Title:Archive/Backup
Moderator:COOKIE::MHUAIG
Created:Wed Sep 08 1993
Last Modified:Fri Jun 06 1997
Last Successful Update:Fri Jun 06 1997
Number of topics:479
Total number of notes:2283

477.0. "RDEV 4.1a server inactivity timer timeout explanation ?" by PRSSOS::FONDI () Thu Jun 05 1997 07:39

RDEV 4.1a server inactivity timer timeout causes ABS remote backup to fail 

ABS OpenVMS Clients Server Configuration, all nodes are Alpha nodes.

   server ABS V2.1			remote nodes: 	Clients ABS V2.1
   VMS V6.2-1H3						VMS V6.2-1H3
   MDMS 2.8A						MDMS 2.8A
   RDEV 4.1a that serves a TL810 for remote nodes	RDEV 4.1a
   DECNET/OSI V6.2 ECO7			                DECNET/OSI V6.2 (no ECO)
 							or DECNET IV it depends
                                                        the client nodes.

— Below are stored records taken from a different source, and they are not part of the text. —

lemma length_diff_oscillates:
  "\<exists>k :: real \<Rightarrow> real.
     (\<forall>\<^sub>F \<epsilon> in at_right 0. cont_length \<Psi> d x0 \<epsilon> - disc_length f x0 \<epsilon>
         = \<epsilon> powr (2 - 1 / \<alpha>) * ell \<epsilon> powr (of_int m / \<alpha>) * k \<epsilon>) \<and>
     k \<in> O[at_right 0](\<lambda>_. 1) \<and>
     high_amp_osc k \<and>
     (\<forall>c \<beta> \<gamma> :: real. \<not> (k \<sim>[at_right 0] (\<lambda>\<epsilon>. c * \<epsilon> powr \<beta> * ell \<epsilon> powr \<gamma>))) \<and>
     (\<exists>\<delta>'>0. (\<lambda>\<epsilon>. cont_length \<Psi> d x0 \<epsilon> - disc_length f x0 \<epsilon>)
         \<in> O[at_right 0](\<lambda>\<epsilon>. \<epsilon> powr (1 + \<delta>')))"
proof -
  define k where "k \<epsilon> = length_diff \<epsilon> / orbit_scale \<alpha> m \<epsilon>" for \<epsilon>
  obtain c where "c > 0" and bound: "\<forall>\<^sub>F \<epsilon> in at_right 0. \<bar>length_diff \<epsilon>\<bar> \<le> c * orbit_scale \<alpha> m \<epsilon>"
    using length_diff_bounded by blast
  obtain c' where "c' > 0" and half: "\<forall>\<^sub>F n in sequentially.
      c' * orbit_scale \<alpha> m (g (half_time_point n) / 2) \<le> length_diff (g (half_time_point n) / 2)"
    using length_diff_at_half_times by blast
  have scale_pos: "\<forall>\<^sub>F \<epsilon> in at_right 0. orbit_scale \<alpha> m \<epsilon> > 0"
    using eventually_at_right_0_1 by eventually_elim (simp add: orbit_scale_pos)
  have factor: "\<forall>\<^sub>F \<epsilon> in at_right 0. length_diff \<epsilon> = orbit_scale \<alpha> m \<epsilon> * k \<epsilon>"
    using scale_pos by eventually_elim (simp add: k_def)
  have bounded: "k \<in> O[at_right 0](\<lambda>_. 1)"
  proof (rule bigoI[of _ c])
    show "\<forall>\<^sub>F \<epsilon> in at_right 0. norm (k \<epsilon>) \<le> c * norm (1::real)"
      using bound scale_pos by eventually_elim (simp add: k_def abs_div divide_le_eq)
  qed
  have zero_at_orbit: "k (g ((f ^^ Suc n) x0) / 2) = 0" for n
    unfolding k_def length_diff_at_orbit by simp
  then have zero: "\<forall>\<^sub>F n in sequentially. k (g ((f ^^ Suc n) x0) / 2) \<le> 0"
    by (intro always_eventually allI) (simp only: order_refl)
  have "\<forall>\<^sub>F n in sequentially. c' \<le> k (g (half_time_point n) / 2)"
    using half eventually_compose_filterlim[OF scale_pos half_time_point_half_g_tendsto]
    by eventually_elim (simp add: k_def le_divide_eq)
  then have nonzero: "\<forall>\<^sub>F n in sequentially. k (g (half_time_point n) / 2) \<noteq> 0"
    using \<open>c' > 0\<close> by (auto elim: eventually_mono)
  have oscillating: "high_amp_osc k"
    by (rule high_amp_oscI[OF orbit_half_g_tendsto half_time_point_half_g_tendsto zero
          \<open>\<forall>\<^sub>F n in sequentially. c' \<le> _\<close> \<open>c' > 0\<close>])
  have not_equiv: "\<not> k \<sim>[at_right 0] (\<lambda>\<epsilon>. c * \<epsilon> powr \<beta> * ell \<epsilon> powr \<gamma>)" for c \<beta> \<gamma>
    by (rule not_asymp_equiv_powr_ell[OF orbit_half_g_tendsto half_time_point_half_g_tendsto _ nonzero])
      (use zero_at_orbit in simp)
  have small: "length_diff \<in> O[at_right 0](\<lambda>\<epsilon>. \<epsilon> powr (1 + (1 - 1 / \<alpha>) / 2))"
  proof (rule landau_o.small_imp_big[OF landau_o.big_small_trans])
    show "length_diff \<in> O[at_right 0](orbit_scale \<alpha> m)"
    proof (rule bigoI[of _ c])
      show "\<forall>\<^sub>F \<epsilon> in at_right 0. norm (length_diff \<epsilon>) \<le> c * norm (orbit_scale \<alpha> m \<epsilon>)"
        using bound scale_pos by eventually_elim simp
    qed
    show "orbit_scale \<alpha> m \<in> o[at_right 0](\<lambda>\<epsilon>. \<epsilon> powr (1 + (1 - 1 / \<alpha>) / 2))"
      unfolding orbit_scale_def using alpha_gt by (intro powr_ell_smallo_powr) (simp add: field_simps)
  qed
  have "(1 - 1 / \<alpha>) / 2 > 0" using alpha_gt by simp
  with factor bounded oscillating not_equiv small show ?thesis
    unfolding length_diff_def orbit_scale_def by blast
qed

end

theorem theoremB:
  fixes f \<xi> \<Psi> :: "real \<Rightarrow> real" and a \<alpha> d :: real and m :: int
  assumes "parabolic_dulac_germ f"
    and "a > 0" and "\<alpha> > 1" and "m \<le> 0"
    and "(\<lambda>x. f x - (x - a * x powr \<alpha> * ell x powr of_int m))
           \<in> o[at_right 0](\<lambda>x. x powr \<alpha> * ell x powr of_int m)"
    and "d > 0"
    and "real_analytic_on \<xi> {0<..<d}"
    and "\<xi> \<sim>[at_right 0] (\<lambda>x. - a * x powr \<alpha> * ell x powr of_int m)"
    and "(\<lambda>x. deriv \<xi> x) \<sim>[at_right 0] (\<lambda>x. - a * \<alpha> * x powr (\<alpha> - 1) * ell x powr of_int m)"
    and "(\<lambda>x. \<xi> x + (x - f x) + \<xi> x * deriv \<xi> x / 2)
           \<in> o[at_right 0](\<lambda>x. x powr (2 * \<alpha> - 1) * ell x powr of_int (2 * m))"
    and "\<forall>x\<in>{0<..<d}. \<xi> x \<noteq> 0 \<and> (\<Psi> has_real_derivative 1 / \<xi> x) (at x)"
    and "\<forall>x\<in>{0<..<d}. f x \<in> {0<..<d} \<and> \<Psi> (f x) = \<Psi> x + 1"
  shows "\<exists>\<delta>>0. \<forall>x0\<in>{0<..<\<delta>}. \<exists>k :: real \<Rightarrow> real.
           (\<forall>\<^sub>F \<epsilon> in at_right 0. cont_length \<Psi> d x0 \<epsilon> - disc_length f x0 \<epsilon>
               = \<epsilon> powr (2 - 1 / \<alpha>) * ell \<epsilon> powr (of_int m / \<alpha>) * k \<epsilon>) \<and>
           k \<in> O[at_right 0](\<lambda>_. 1) \<and>
           high_amp_osc k \<and>
           (\<forall>c \<beta> \<gamma> :: real. \<not> (k \<sim>[at_right 0] (\<lambda>\<epsilon>. c * \<epsilon> powr \<beta> * ell \<epsilon> powr \<gamma>))) \<and>
           (\<exists>\<delta>'>0. (\<lambda>\<epsilon>. cont_length \<Psi> d x0 \<epsilon> - disc_length f x0 \<epsilon>)
               \<in> O[at_right 0](\<lambda>\<epsilon>. \<epsilon> powr (1 + \<delta>')))"
proof -
  interpret fatou_setting f \<xi> \<Psi> a \<alpha> d m
    by unfold_locales (use assms in auto)
  obtain \<delta>0 where "\<delta>0 > 0" "\<delta>0 \<le> d" and signs: "\<forall>x\<in>{0<..<\<delta>0}. \<xi> x < 0 \<and> deriv \<xi> x < 0 \<and>
      g x > 0 \<and> (f has_real_derivative deriv f x) (at x)"
    using near_zero_radius_exists by blast
  have "fatou_orbit f \<xi> \<Psi> a \<alpha> d m \<delta>0 x0" if "x0 \<in> {0<..<\<delta>0}" for x0
    by unfold_locales (use \<open>\<delta>0 > 0\<close> \<open>\<delta>0 \<le> d\<close> signs that in auto)
  then show ?thesis using fatou_orbit.length_diff_oscillates \<open>\<delta>0 > 0\<close> by blast
qed

end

Probleme: This customer uses ABS to save disks of each remote nodes to
********* the TL810 connected to the ABS server named LAVX06.
          Often remote backups from any remote nodes (phase 4 or 5)abnormaly 
          stops with
              %BACKUP-E-INVRECTYP, invalid record type in save set
THREAD #1:  %BACKUP-E-INVRECSIZ, invalid record size in save set
THREAD #1:  %BACKUP-F-WRITEERR, error writing LAVX08$RDEVA0:[]3JUN199720130855.
THREAD #1:  -SYSTEM-F-DEVOFFLINE, device is not in configuration or not 
            available

 In the following  LAVX06 is the server node
                   LAVX08 is one remote node (DECnet/OSI V6.2 no ECO) 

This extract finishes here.